▶ [Data for review]
(* Let $u:\mathbb{R}\times\mathbb{R}\to\mathbb{R}$ be a solution of the one-dimensional cubic nonlinear wave equation $$u_{tt}-u_{xx}+u^{3}=0,\qquad u(0,x)=u_0(x),\quad u_t(0,x)=u_1(x),$$ where $u_0\in C^1(\mathbb{R})$ with $u_0$ and $\partial_x u_0$ bounded on $\mathbb{R}$, and $u_1\in C^0(\mathbb{R})$ is bounded on $\mathbb{R}$. Then there is a constant $C$ (depending on $\|u_0\|_{L^\infty}$, $\|\partial_x u_0\|_{L^\infty}$, $\|u_1\|_{L^\infty}$) such that for all $t\ge 1$ and all $x\in\mathbb{R}$, $$|u(t,x)|\le C\,t^{1/3}.$$
   Context: The equation is the defocusing cubic wave equation on the real line with real-valued data that are uniformly $C^1\times C^0$, i.e. $\|u_0\|_{L^\infty}+\|\partial_x u_0\|_{L^\infty}+\|u_1\|_{L^\infty}<\infty$. *)

theory Defs
  imports "HOL-Analysis.Analysis"
begin

text \<open>Mild (Duhamel / d'Alembert integral) solution on the whole line R x R of
  u_tt - u_xx + u^3 = 0, u(0) = u0, u_t(0) = u1.\<close>

definition cubic_wave_mild_solution ::
  "(real \<Rightarrow> real) \<Rightarrow> (real \<Rightarrow> real) \<Rightarrow> (real \<Rightarrow> real \<Rightarrow> real) \<Rightarrow> bool" where
  "cubic_wave_mild_solution u0 u1 u \<longleftrightarrow>
     continuous_on UNIV (\<lambda>(t, x). u t x) \<and>
     (\<forall>t x. t \<ge> 0 \<longrightarrow>
        u t x = (u0 (x + t) + u0 (x - t)) / 2
                + integral {x - t .. x + t} u1 / 2
                - integral {0 .. t} (\<lambda>s. integral {x - (t - s) .. x + (t - s)} (\<lambda>y. (u s y) ^ 3)) / 2) \<and>
     (\<forall>t x. t \<le> 0 \<longrightarrow>
        u t x = (u0 (x + t) + u0 (x - t)) / 2
                - integral {x + t .. x - t} u1 / 2
                - integral {t .. 0} (\<lambda>s. integral {x - (s - t) .. x + (s - t)} (\<lambda>y. (u s y) ^ 3)) / 2)"

end

theory Submission
  imports Defs
begin

text \<open>In the null coordinates \<open>p = x + t\<close>, \<open>q = x - t\<close> the Duhamel formula shows that
  \<open>U(p, q) = u(t, x)\<close> satisfies \<open>\<partial>\<^sub>p U = D\<^sub>+/2\<close> and \<open>\<partial>\<^sub>q U = -D\<^sub>-/2\<close>, where
  \<open>D\<^sub>\<plusminus> = u\<^sub>t \<plusminus> u\<^sub>x\<close>, and that \<open>\<partial>\<^sub>q D\<^sub>+ = U\<^sup>3/2\<close>, \<open>\<partial>\<^sub>p D\<^sub>- = -U\<^sup>3/2\<close>. Hence
  \<open>\<partial>\<^sub>q (D\<^sub>+\<^sup>2) = \<partial>\<^sub>p (U\<^sup>4/2)\<close> and \<open>\<partial>\<^sub>p (D\<^sub>-\<^sup>2) = \<partial>\<^sub>q (U\<^sup>4/2)\<close>. Integrating these
  conservation laws over the triangle below the characteristic segment \<open>q = x - t\<close>,
  \<open>x - t \<le> p \<le> x + t\<close> bounds both \<open>\<integral> D\<^sub>+\<^sup>2\<close> and \<open>\<integral> U\<^sup>4\<close> along that segment by \<open>O(t)\<close>,
  since the energy density of the data is bounded. On the last piece of the segment, of length
  \<open>t\<^sup>-\<^sup>1\<^sup>/\<^sup>3\<close>, some value of \<open>U\<^sup>4\<close> is then \<open>O(t\<^sup>4\<^sup>/\<^sup>3)\<close>, and by AM-GM the oscillation
  \<open>\<integral> |D\<^sub>+|/2\<close> of \<open>U\<close> there is \<open>O(t\<^sup>1\<^sup>/\<^sup>3)\<close>.\<close>

section \<open>Oriented integrals\<close>

definition oriented_integral :: "real \<Rightarrow> real \<Rightarrow> (real \<Rightarrow> real) \<Rightarrow> real" where
  "oriented_integral a b f = (if a \<le> b then integral {a..b} f else - integral {b..a} f)"

lemma oriented_integral_eq_integral: "a \<le> b \<Longrightarrow> oriented_integral a b f = integral {a..b} f"
  by (simp add: oriented_integral_def)

lemma oriented_integral_refl [simp]: "oriented_integral a a f = 0"
  by (simp add: oriented_integral_def)

lemma oriented_integral_swap: "oriented_integral a b f = - oriented_integral b a f"
  by (auto simp: oriented_integral_def)

lemma oriented_integral_uminus: "oriented_integral a b (\<lambda>x. - f x) = - oriented_integral a b f"
  by (simp add: oriented_integral_def)

lemma oriented_integral_eq_diff: "oriented_integral a b f = integral {a..b} f - integral {b..a} f"
  by (cases a b rule: linorder_cases) (auto simp: oriented_integral_def)

lemma oriented_integral_cong:
  "(\<And>x. x \<in> {min a b..max a b} \<Longrightarrow> f x = g x) \<Longrightarrow> oriented_integral a b f = oriented_integral a b g"
  by (auto simp: oriented_integral_def min_def max_def intro!: integral_cong)

lemma oriented_integral_combine:
  fixes f :: "real \<Rightarrow> real"
  assumes "continuous_on UNIV f"
  shows "oriented_integral a b f + oriented_integral b c f = oriented_integral a c f"
proof -
  have from_left: "oriented_integral a b f = integral {m..b} f - integral {m..a} f"
    if "m \<le> a" "m \<le> b" for m a b
  proof -
    have "integral {m..min a b} f + integral {min a b..max a b} f = integral {m..max a b} f"
      using that
      by (intro Henstock_Kurzweil_Integration.integral_combine integrable_continuous_real
          continuous_on_subset[OF assms]) auto
    then show ?thesis
      by (auto simp: oriented_integral_def min_def max_def split: if_splits)
  qed
  show ?thesis
    using from_left[of "min a (min b c)"] by simp
qed

lemma oriented_integral_rescale:
  fixes f :: "real \<Rightarrow> real"
  assumes "continuous_on UNIV f"
  shows "oriented_integral a b f = integral {0..1} (\<lambda>\<tau>. (b - a) * f (a + \<tau> * (b - a)))"
proof -
  have between: "a + \<tau> * (b - a) \<in> {min a b..max a b}" if "0 \<le> \<tau>" "\<tau> \<le> 1" for \<tau>
    using that mult_left_le_one_le[of "b - a" \<tau>] mult_left_le_one_le[of "a - b" \<tau>]
    by (cases "a \<le> b") (auto simp: algebra_simps min_def max_def mult_left_mono mult_right_mono)
  have "((\<lambda>\<tau>. (b - a) *\<^sub>R f (a + \<tau> * (b - a))) has_integral
      (integral {a + 0 * (b - a)..a + 1 * (b - a)} f - integral {a + 1 * (b - a)..a + 0 * (b - a)} f)) {0..1}"
    by (rule has_integral_substitution_general[where s = "{}" and c = "min a b" and d = "max a b"
          and g = "\<lambda>\<tau>. a + \<tau> * (b - a)" and g' = "\<lambda>_. b - a"])
      (auto intro!: between continuous_on_subset[OF assms] continuous_intros derivative_eq_intros)
  from integral_unique[OF this] show ?thesis
    by (simp add: oriented_integral_eq_diff)
qed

▶ [Exercise directions]
Only one stretch of the data above is needed. Restate it word for word, from the line containing "continuous_on UNIV (\<lambda>(t, x)." through the line containing "(\<forall>t x. t \<le>", both ends included.

▶ [Your solution]
     continuous_on UNIV (\<lambda>(t, x). u t x) \<and>
     (\<forall>t x. t \<ge> 0 \<longrightarrow>
        u t x = (u0 (x + t) + u0 (x - t)) / 2
                + integral {x - t .. x + t} u1 / 2
                - integral {0 .. t} (\<lambda>s. integral {x - (t - s) .. x + (t - s)} (\<lambda>y. (u s y) ^ 3)) / 2) \<and>
     (\<forall>t x. t \<le> 0 \<longrightarrow>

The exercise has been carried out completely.